With the latest release of C# ASP .NET 3.5, Visual Studio 2008, and LINQ, there is a whole new way of working with the data layer in C# ASP .NET web applications. Prior to LINQ, many developers would either generate or custom-code a data layer based upon the usage of SqlConnection, SqlCommand, and DataReader objects to manipulate data. With LINQ and LINQ to SQL, we no longer need to rely on the details of the connection objects and can instead begin thinking more abstractly by using the pre-generated LINQ business objects and the data access layer. In this manner, LINQ has brought a conformity to the data layer in ASP .NET web applications. However, as with any new technology, new architectures often arise to support them. As we continue on, you’ll see how to implement your own tiered architecture, specifically for populating datasource controls.
In this article, we’ll visit three ways to populate a DropDownList control by binding to a data source. We’ll cover the simple, the direct, and the 3-tier enterprise method.
The first method for populating an ASP .NET DropDownList with LINQ is by indicating directly in the ASPX file itself, where the datasource is and what fields to bind to. We can do this in a .NET 3.5 web application through the use of the LinqDataSource control.
What we have above is a basic DropDownList control placed on the web page. Notice that we pre-set the DataTextField and DataValueField properties to indicate the fields we wish to display. We also included an additional property, called DataSourceID, which specifies the location of the data source to actually pull data from. In our case, the data source will be a LinqDataSource control.

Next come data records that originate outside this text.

lemma sum_mult_le_add_divide_of_packed_subsets:
  fixes w \<nu> :: "dint \<Rightarrow> real" and N :: nat
  assumes N: "0 < N" and G: "finite G" "G \<subseteq> dyadic"
    and w_nonneg: "\<And>I. I \<in> G \<Longrightarrow> 0 \<le> w I"
    and w_packing: "\<And>K. K \<in> dyadic \<Longrightarrow> (\<Sum>I\<in>{I\<in>G. dsub I K}. w I * dlen I) \<le> dlen K"
    and \<nu>_nonneg: "\<And>I. I \<in> G \<Longrightarrow> 0 \<le> \<nu> I"
    and packed_bound: "\<And>E. E \<subseteq> G \<Longrightarrow>
      (\<And>K. K \<in> dyadic \<Longrightarrow> (\<Sum>I\<in>{I\<in>E. dsub I K}. dlen I) \<le> 3 * dlen K) \<Longrightarrow> sum \<nu> E \<le> B"
  shows "(\<Sum>I\<in>G. w I * \<nu> I) \<le> B + sum \<nu> G / N"
proof -
  define c where "c I = (if I \<in> G then nat \<lfloor>N * w I\<rfloor> else 0)" for I
  have c_le: "real (c I) \<le> N * w I" and c_ge: "N * w I - 1 \<le> real (c I)" if "I \<in> G" for I
    using that w_nonneg[OF that] by (simp_all add: c_def)
  have c_le_N: "c I \<le> N" for I
  proof (cases "I \<in> G")
    case True
    then have "w I \<le> 1"
      using weight_le_of_packing[of G I w 1] G w_nonneg w_packing[of I] by auto
    then have "N * w I \<le> N" by (simp add: mult_left_le)
    then show ?thesis using c_le[OF True] by linarith
  qed (simp add: c_def)
  have c_supp: "c I = 0" if "I \<notin> G" for I
    using that by (simp add: c_def)
  have "sum \<nu> (residue_class N c j) \<le> B" for j
  proof (rule packed_bound)
    show "residue_class N c j \<subseteq> G"
      using residue_class_subset c_supp by blast
    show "(\<Sum>I\<in>{I\<in>residue_class N c j. dsub I K}. dlen I) \<le> 3 * dlen K" if "K \<in> dyadic" for K
      by (rule residue_class_packing_le_three[of N G c w, OF N G(1) c_supp c_le w_packing[OF that]])
  qed
  then have "(\<Sum>I\<in>G. real (c I) * \<nu> I) \<le> N * B"
    using sum_sum_residue_classes[of G c N \<nu>, OF G(1) c_supp c_le_N]
      sum_mono[of "{..<N}" "\<lambda>j. sum \<nu> (residue_class N c j)" "\<lambda>_. B"] by simp
  moreover have "(\<Sum>I\<in>G. (N * w I - 1) * \<nu> I) \<le> (\<Sum>I\<in>G. real (c I) * \<nu> I)"
    using c_ge \<nu>_nonneg by (intro sum_mono mult_right_mono) auto
  moreover have "(\<Sum>I\<in>G. (N * w I - 1) * \<nu> I) = N * (\<Sum>I\<in>G. w I * \<nu> I) - sum \<nu> G"
    by (simp add: algebra_simps sum_subtractf sum_distrib_left)
  ultimately show ?thesis
    using N by (simp add: field_simps)
qed

lemma sum_mult_le_of_packed_subsets:
  fixes w \<nu> :: "dint \<Rightarrow> real"
  assumes "finite G" "G \<subseteq> dyadic"
    and "\<And>I. I \<in> G \<Longrightarrow> 0 \<le> w I"
    and "\<And>K. K \<in> dyadic \<Longrightarrow> (\<Sum>I\<in>{I\<in>G. dsub I K}. w I * dlen I) \<le> dlen K"
    and \<nu>_nonneg: "\<And>I. I \<in> G \<Longrightarrow> 0 \<le> \<nu> I"
    and "\<And>E. E \<subseteq> G \<Longrightarrow>
      (\<And>K. K \<in> dyadic \<Longrightarrow> (\<Sum>I\<in>{I\<in>E. dsub I K}. dlen I) \<le> 3 * dlen K) \<Longrightarrow> sum \<nu> E \<le> B"
  shows "(\<Sum>I\<in>G. w I * \<nu> I) \<le> B"
proof (rule field_le_epsilon)
  fix e :: real assume "0 < e"
  then obtain N :: nat where "sum \<nu> G < N * e"
    using reals_Archimedean3 by blast
  moreover have "0 \<le> sum \<nu> G"
    using \<nu>_nonneg by (simp add: sum_nonneg)
  ultimately have "0 < N" "sum \<nu> G / N < e"
    using \<open>0 < e\<close> by (auto simp: divide_less_eq mult.commute intro: Nat.gr0I)
  moreover have "(\<Sum>I\<in>G. w I * \<nu> I) \<le> B + sum \<nu> G / N"
    using \<open>0 < N\<close> assms by (rule sum_mult_le_add_divide_of_packed_subsets)
  ultimately show "(\<Sum>I\<in>G. w I * \<nu> I) \<le> B + e"
    by linarith
qed

lemma rearr_op_apply: "inj_on \<tau> dyadic \<Longrightarrow> I \<in> dyadic \<Longrightarrow> rearr_op \<tau> x (\<tau> I) = x I"
  by (simp add: rearr_op_def)

lemma rearr_op_indicator:
  assumes "inj_on \<tau> dyadic" "E \<subseteq> dyadic"
  shows "rearr_op \<tau> (indicator E) = (indicator (\<tau> ` E) :: dint \<Rightarrow> real)"
proof
  fix J
  show "rearr_op \<tau> (indicator E) J = (indicator (\<tau> ` E) J :: real)"
  proof (cases "J \<in> \<tau> ` dyadic")
    case True
    then obtain I where "I \<in> dyadic" "J = \<tau> I" by blast
    then show ?thesis
      using assms by (auto simp: rearr_op_apply indicator_def inj_on_image_mem_iff)
  qed (use assms in \<open>auto simp: rearr_op_def indicator_def\<close>)
qed

lemma sum_rearr_op_sq:
  assumes "inj_on \<tau> dyadic" "finite F"
  shows "(\<Sum>I\<in>F. (rearr_op \<tau> x I)\<^sup>2 * dlen I) = (\<Sum>I\<in>{I\<in>dyadic. \<tau> I \<in> F}. (x I)\<^sup>2 * dlen (\<tau> I))"
proof -
  let ?G = "{I\<in>dyadic. \<tau> I \<in> F}"
  have inj_G: "inj_on \<tau> ?G"
    using assms(1) by (rule inj_on_subset) auto
  have "(\<Sum>I\<in>F. (rearr_op \<tau> x I)\<^sup>2 * dlen I) = (\<Sum>I\<in>\<tau> ` ?G. (rearr_op \<tau> x I)\<^sup>2 * dlen I)"
    using assms(2) by (intro sum.mono_neutral_right) (auto simp: rearr_op_def)
  also have "\<dots> = (\<Sum>I\<in>?G. (x I)\<^sup>2 * dlen (\<tau> I))"
    using assms(1) by (simp add: sum.reindex[OF inj_G] rearr_op_apply)
  finally show ?thesis .
qed
theorem lemma3p6:
  fixes n N :: nat
    and V :: "'v set" and sig :: "'v \<Rightarrow> nat \<Rightarrow> int" and E :: "nat \<Rightarrow> 'v set set"
    and la rho :: "nat list" and A :: "nat \<times> nat \<Rightarrow> nat"
    and phi :: "'v \<Rightarrow> (nat \<times> nat \<Rightarrow> nat)"
  assumes "signed_colored_graph n N V sig E"
    and "ax1 n V sig E"
    and "is_partition la" and "is_partition rho" and "diagram la \<subseteq> diagram rho"
    and "psize la = n" and "psize rho = N"
    and "bij_betw A (skew rho la) {n + 1..N}"
    and "ASYT rho la A \<noteq> {}"
    and "morphism n N V sig E (ASYT rho la A) desc_sig (aug_edges rho la A) phi"
    and "V \<noteq> {}"
  shows "phi ` V = ASYT rho la A"
proof
  show image: "phi ` V \<subseteq> ASYT rho la A" using assms(10) unfolding morphism_def by auto
  obtain v where v: "v \<in> V" using assms(11) by blast
  show "ASYT rho la A \<subseteq> phi ` V"
  proof
    fix T assume "T \<in> ASYT rho la A"
    then have "(phi v, T) \<in> dual_connected rho n"
      using ASYT_connected[OF assms(3,5,6)] assms(7,8) image v by blast
    then show "T \<in> phi ` V"
      using morphism_image_closed_dual_connected[OF assms(1,2,10,7)] v by blast
  qed
qed

end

The second tag is the LinqDataSource control, specific to .NET 3.5. Your web application must target the 3.5 framework in order to have this tag available. To use the LinqDataSource tag, you simply specify the ContextTypeName, which is the fully qualified name to your LINQ to SQL data context. You then specify the TableName within the context to pull the data from. LINQ will automatically pull the appropriate fields that you specified in the DropDownList tag.
The LinqDataSource tag is a very straight-forward method for binding to a DropDownList. It requires no code-behind work. It’s easy to use, easy to understand, and extremely easy to update. In fact, since the code exists in the ASPX file itself, which is really just a glorified HTML file, we can easily make changes to the data binding source, while the web application is runnings, without having to recompile source code or DLLs. This can be an advantage if you may be frequently changing data sources or need this kind of control over the data.
While simple is always a good thing, it’s not always right. Depending on your project’s architecture, binding data directly to LINQ in your ASPX page may violate the tiered layers and break boundaries in your design. Worse than that, the tag itself doesn’t provide you with any type of business object that could be used elsewhere in the web application, such as passing to a web service, using in composition, design patterns, etc. While it was easy to insert the tag and bind to data, code reuse in this situation is limited.
The second way for binding a DropDownList to a LINQ to SQL table is through directly binding to the LINQ table itself. This is almost exactly the same as the simple example above, with the exception of leaving out the DataSourceID field, since we’ll be directly populating that ourselves, in the code-behind.
Our tag is just a simple DropDownList control with the text and value field names specified. The names should match those in the LINQ table you plan to bind to.
The difference between directly binding to LINQ and the LinqDataSource tag, is that now we need to write a little in the code-behind to bind the data. Specifically, you’ll need to add the following code to your web application’s Page_Load function.
Assuming you have a separate manager tier for performing business tasks (outside of the user interface), we’ll call this the CommonManager, you would define the following function for GetWeapons().
Notice in the GetWeapons() function, all we’re really doing is calling the ToList() function on the Weapons table in LINQ. The context object, DataContext, is the name of the LINQ generated context, which contains our tables. This was added by LINQ to SQL during the generation process. Since the ToList() function returns a bindable collection, we can bind directly to the DataSource of the control and have the data display properly.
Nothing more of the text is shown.